* [Work item]
Starting with the line that mentions "k \<sigma> p div", repeat each line verbatim until the entries end, both ends included.

▬▬▬▬▬▬

lemma card_cyclic_neighbours_of_colour:
  assumes "x < 3 * s" "b < 3" "b \<noteq> x mod 3"
  shows "card {y. y < 3 * s \<and> y mod 3 = b \<and> assoc_adj (cyclic_blocks s) x y} = 3"
proof -
  \<comment> \<open>distinct t give distinct neighbours, since two blocks through x meet only in x\<close>
  have "t = t'" if "t < 3" "t' < 3"
    and eq: "cyclic_point s (base_index s x t) t b = cyclic_point s (base_index s x t') t' b" for t t'
  proof -
    let ?y = "cyclic_point s (base_index s x t) t b"
    have y_in: "?y \<in> cyclic_block s (base_index s x t) t"
      using assms(2) by (rule cyclic_point_in_block)
    have y_in': "?y \<in> cyclic_block s (base_index s x t') t'"
      unfolding eq using assms(2) by (rule cyclic_point_in_block)
    have "?y mod 3 = b" using assms(2) by (rule cyclic_point_mod)
    then have x_ne_y: "x \<noteq> ?y" using assms(3) by metis
    have y_less: "?y < 3 * s" using cyclic_block_subset[OF s_pos] y_in by blast
    have "base_index s x t = base_index s x t' \<and> t = t'"
      by (rule cyclic_blocks_meet_once[OF base_index_less base_index_less that(1,2) assms(1) y_less
          x_ne_y mem_cyclic_block_base_index[OF assms(1)] y_in mem_cyclic_block_base_index[OF assms(1)]
          y_in'])
    then show "t = t'" by simp
  qed
  then have "inj_on (\<lambda>t. cyclic_point s (base_index s x t) t b) {..<3}"
    by (auto intro: inj_onI)
  then show ?thesis unfolding cyclic_neighbours_of_colour[OF assms] by (simp add: card_image)
qed

lemma card_induced_cyclic_neighbours:
  assumes "c < 3" "x \<in> avoiding_colour s c"
  shows "card {y \<in> avoiding_colour s c.
    induced_assoc (cyclic_blocks s) (avoiding_colour s c) x y} = 3"
proof -
  have x: "x < 3 * s" "x mod 3 \<noteq> c" "x mod 3 < 3" using assms(2) by auto
  define b where "b = 3 - c - x mod 3"
  have third: "j = b \<longleftrightarrow> j \<noteq> c \<and> j \<noteq> x mod 3" if "j < 3" for j
    unfolding b_def by (rule third_colour_iff[OF x(3) assms(1) that x(2)])
  have "0 < c + x mod 3" using x(2) by (cases c) auto
  then have "b < 3" unfolding b_def by linarith
  then have "b \<noteq> x mod 3" using third by blast
  have "y \<in> avoiding_colour s c \<and> induced_assoc (cyclic_blocks s) (avoiding_colour s c) x y
      \<longleftrightarrow> y < 3 * s \<and> y mod 3 = b \<and> assoc_adj (cyclic_blocks s) x y" for y
  proof (cases "assoc_adj (cyclic_blocks s) x y")
    case True
    then have "x mod 3 \<noteq> y mod 3"
      by (rule assoc_adj_colours_differ[OF strong_colouring_cyclic])
    then have "y mod 3 = b \<longleftrightarrow> y mod 3 \<noteq> c"
      using third[of "y mod 3"] by simp
    then show ?thesis
      using x(1,2) True unfolding induced_assoc_def mem_Collect_eq lessThan_iff by blast
  next
    case False
    then show ?thesis unfolding induced_assoc_def by simp
  qed
  then have "{y \<in> avoiding_colour s c. induced_assoc (cyclic_blocks s) (avoiding_colour s c) x y}
      = {y. y < 3 * s \<and> y mod 3 = b \<and> assoc_adj (cyclic_blocks s) x y}"
    by blast
  then show ?thesis
    using card_cyclic_neighbours_of_colour[OF x(1) \<open>b < 3\<close> \<open>b \<noteq> x mod 3\<close>] by simp
qed

lemma relabel_less:
  assumes "\<sigma> (p mod 3) < 3"
  shows "relabel s k \<sigma> p < 3 * s"
proof -
  have "relabel s k \<sigma> p div 3 < s"
    using relabel_div[of \<sigma> p s k, OF assms] s_pos by (simp add: nat_less_iff)
  then show ?thesis by (simp add: div_less_iff_less_mult mult.commute)
qed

▬▬▬▬▬▬

* [Your response]
  have "relabel s k \<sigma> p div 3 < s"
    using relabel_div[of \<sigma> p s k, OF assms] s_pos by (simp add: nat_less_iff)
  then show ?thesis by (simp add: div_less_iff_less_mult mult.commute)
qed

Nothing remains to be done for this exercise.